Print the first line of the material below and each line after it, exactly as written, ending with the line that contains "s = (\<lambda>t.".

Segment Open

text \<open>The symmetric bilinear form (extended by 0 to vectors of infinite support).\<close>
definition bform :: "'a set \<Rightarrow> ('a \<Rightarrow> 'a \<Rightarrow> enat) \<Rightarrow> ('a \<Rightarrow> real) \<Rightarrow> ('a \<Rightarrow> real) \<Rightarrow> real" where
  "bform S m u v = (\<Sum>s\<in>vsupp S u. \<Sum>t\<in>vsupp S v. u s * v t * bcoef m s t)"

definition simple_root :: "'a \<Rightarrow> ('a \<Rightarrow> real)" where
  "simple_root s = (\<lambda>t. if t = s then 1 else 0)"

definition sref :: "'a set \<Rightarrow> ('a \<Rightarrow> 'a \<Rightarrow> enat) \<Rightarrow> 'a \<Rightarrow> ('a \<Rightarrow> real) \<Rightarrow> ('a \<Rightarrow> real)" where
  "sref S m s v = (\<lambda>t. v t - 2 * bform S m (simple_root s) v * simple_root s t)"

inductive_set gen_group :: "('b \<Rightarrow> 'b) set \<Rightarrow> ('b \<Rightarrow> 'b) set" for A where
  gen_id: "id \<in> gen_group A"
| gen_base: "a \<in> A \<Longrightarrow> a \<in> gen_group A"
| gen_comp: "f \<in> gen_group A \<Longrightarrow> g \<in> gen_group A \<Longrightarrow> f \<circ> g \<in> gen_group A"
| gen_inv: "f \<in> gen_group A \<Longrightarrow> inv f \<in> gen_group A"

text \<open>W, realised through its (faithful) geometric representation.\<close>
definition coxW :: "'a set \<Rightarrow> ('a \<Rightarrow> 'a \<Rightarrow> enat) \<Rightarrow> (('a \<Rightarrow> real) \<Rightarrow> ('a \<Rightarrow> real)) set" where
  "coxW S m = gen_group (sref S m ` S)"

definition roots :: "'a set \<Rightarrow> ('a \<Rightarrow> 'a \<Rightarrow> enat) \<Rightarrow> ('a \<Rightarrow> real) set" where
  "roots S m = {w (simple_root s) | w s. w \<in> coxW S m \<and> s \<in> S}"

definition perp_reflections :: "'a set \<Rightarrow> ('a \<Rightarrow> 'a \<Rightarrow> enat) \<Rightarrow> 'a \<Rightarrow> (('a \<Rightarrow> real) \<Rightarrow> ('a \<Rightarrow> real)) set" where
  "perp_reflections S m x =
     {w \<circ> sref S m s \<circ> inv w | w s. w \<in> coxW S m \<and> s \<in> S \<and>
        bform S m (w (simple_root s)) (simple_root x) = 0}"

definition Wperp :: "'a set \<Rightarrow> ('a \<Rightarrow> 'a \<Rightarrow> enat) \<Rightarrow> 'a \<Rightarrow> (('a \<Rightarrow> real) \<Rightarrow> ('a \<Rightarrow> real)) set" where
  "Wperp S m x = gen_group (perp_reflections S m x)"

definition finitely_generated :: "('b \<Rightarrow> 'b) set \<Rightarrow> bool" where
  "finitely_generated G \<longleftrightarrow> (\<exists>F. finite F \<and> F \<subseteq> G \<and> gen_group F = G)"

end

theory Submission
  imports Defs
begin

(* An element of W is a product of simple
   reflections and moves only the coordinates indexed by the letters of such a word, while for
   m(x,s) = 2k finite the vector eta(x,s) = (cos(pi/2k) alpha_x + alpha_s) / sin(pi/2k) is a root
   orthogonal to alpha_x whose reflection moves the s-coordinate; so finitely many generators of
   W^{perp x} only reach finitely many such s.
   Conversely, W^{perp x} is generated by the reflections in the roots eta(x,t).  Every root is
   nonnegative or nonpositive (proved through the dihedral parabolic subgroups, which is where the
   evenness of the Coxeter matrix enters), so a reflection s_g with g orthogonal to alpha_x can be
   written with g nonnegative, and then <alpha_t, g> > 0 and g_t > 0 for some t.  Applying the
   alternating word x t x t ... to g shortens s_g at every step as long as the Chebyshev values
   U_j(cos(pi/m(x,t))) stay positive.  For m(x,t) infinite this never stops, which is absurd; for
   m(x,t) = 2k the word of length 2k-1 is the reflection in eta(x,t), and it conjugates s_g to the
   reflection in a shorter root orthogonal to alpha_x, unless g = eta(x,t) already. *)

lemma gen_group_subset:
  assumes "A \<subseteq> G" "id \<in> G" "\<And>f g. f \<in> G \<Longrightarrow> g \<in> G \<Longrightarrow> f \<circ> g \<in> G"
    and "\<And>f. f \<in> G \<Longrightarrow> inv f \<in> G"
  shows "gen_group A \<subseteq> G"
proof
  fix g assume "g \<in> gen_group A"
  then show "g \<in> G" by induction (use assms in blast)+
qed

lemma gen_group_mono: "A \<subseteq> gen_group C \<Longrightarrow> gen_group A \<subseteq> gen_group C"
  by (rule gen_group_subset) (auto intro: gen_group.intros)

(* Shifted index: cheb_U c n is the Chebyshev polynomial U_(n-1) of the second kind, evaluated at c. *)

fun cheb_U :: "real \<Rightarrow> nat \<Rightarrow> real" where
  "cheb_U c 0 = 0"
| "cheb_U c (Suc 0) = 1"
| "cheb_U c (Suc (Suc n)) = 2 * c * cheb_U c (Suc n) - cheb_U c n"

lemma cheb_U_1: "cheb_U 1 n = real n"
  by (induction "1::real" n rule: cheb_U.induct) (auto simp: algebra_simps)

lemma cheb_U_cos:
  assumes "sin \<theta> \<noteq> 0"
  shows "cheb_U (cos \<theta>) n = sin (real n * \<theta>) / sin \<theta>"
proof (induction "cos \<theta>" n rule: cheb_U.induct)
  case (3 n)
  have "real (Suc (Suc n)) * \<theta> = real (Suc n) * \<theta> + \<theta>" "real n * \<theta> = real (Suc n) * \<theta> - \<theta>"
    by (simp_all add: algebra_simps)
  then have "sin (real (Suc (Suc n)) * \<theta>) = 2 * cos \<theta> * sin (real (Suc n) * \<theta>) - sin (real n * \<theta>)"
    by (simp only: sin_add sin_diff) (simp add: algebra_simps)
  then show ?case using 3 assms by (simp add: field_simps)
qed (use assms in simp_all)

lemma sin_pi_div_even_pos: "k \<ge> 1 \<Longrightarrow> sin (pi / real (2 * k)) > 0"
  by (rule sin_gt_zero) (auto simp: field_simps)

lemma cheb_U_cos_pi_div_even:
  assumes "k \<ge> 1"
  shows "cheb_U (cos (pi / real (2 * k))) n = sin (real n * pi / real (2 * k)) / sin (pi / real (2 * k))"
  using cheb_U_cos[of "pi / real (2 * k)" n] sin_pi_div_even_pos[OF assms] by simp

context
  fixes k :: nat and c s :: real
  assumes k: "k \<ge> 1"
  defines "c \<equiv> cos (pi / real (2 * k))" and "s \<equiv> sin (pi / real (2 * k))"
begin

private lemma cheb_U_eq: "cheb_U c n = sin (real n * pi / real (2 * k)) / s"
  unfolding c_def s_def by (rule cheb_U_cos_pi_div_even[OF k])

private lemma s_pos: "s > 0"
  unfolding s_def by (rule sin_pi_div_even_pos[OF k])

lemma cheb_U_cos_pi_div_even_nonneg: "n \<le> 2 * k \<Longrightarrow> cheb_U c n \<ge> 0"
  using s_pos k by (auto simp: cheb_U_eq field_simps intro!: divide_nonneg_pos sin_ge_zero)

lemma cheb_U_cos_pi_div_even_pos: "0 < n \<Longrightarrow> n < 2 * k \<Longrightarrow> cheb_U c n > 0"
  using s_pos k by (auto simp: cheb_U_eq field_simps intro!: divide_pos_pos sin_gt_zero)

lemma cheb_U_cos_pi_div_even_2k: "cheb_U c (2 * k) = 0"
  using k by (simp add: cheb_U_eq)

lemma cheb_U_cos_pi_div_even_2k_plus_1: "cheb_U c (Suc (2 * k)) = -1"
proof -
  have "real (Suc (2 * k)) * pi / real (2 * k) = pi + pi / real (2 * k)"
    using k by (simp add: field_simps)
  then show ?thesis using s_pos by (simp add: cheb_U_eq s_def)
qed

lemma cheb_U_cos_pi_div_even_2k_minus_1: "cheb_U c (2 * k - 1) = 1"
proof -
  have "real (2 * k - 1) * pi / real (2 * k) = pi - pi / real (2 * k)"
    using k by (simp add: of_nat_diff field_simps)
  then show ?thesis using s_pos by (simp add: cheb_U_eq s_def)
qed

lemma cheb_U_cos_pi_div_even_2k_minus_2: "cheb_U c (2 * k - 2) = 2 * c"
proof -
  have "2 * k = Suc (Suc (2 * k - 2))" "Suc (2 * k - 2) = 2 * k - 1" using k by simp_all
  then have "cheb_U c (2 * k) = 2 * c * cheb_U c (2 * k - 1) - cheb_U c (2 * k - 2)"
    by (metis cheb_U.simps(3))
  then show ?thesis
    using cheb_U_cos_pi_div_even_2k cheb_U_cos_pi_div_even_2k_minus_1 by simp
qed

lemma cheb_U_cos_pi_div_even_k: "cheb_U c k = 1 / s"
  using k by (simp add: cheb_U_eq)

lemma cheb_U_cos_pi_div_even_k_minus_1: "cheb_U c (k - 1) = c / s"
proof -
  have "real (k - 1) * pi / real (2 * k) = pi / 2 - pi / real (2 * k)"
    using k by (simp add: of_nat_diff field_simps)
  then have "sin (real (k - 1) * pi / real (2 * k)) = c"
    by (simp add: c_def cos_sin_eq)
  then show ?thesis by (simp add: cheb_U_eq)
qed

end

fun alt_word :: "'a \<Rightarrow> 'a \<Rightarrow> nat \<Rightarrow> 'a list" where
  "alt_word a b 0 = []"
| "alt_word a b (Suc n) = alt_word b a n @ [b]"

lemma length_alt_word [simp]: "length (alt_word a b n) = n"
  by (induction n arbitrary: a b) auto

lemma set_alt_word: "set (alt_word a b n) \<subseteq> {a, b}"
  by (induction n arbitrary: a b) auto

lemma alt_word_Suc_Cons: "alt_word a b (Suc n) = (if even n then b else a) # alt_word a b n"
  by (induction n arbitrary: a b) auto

Segment Closed

### [Reply to the task]
text \<open>The symmetric bilinear form (extended by 0 to vectors of infinite support).\<close>
definition bform :: "'a set \<Rightarrow> ('a \<Rightarrow> 'a \<Rightarrow> enat) \<Rightarrow> ('a \<Rightarrow> real) \<Rightarrow> ('a \<Rightarrow> real) \<Rightarrow> real" where
  "bform S m u v = (\<Sum>s\<in>vsupp S u. \<Sum>t\<in>vsupp S v. u s * v t * bcoef m s t)"

definition simple_root :: "'a \<Rightarrow> ('a \<Rightarrow> real)" where
  "simple_root s = (\<lambda>t. if t = s then 1 else 0)"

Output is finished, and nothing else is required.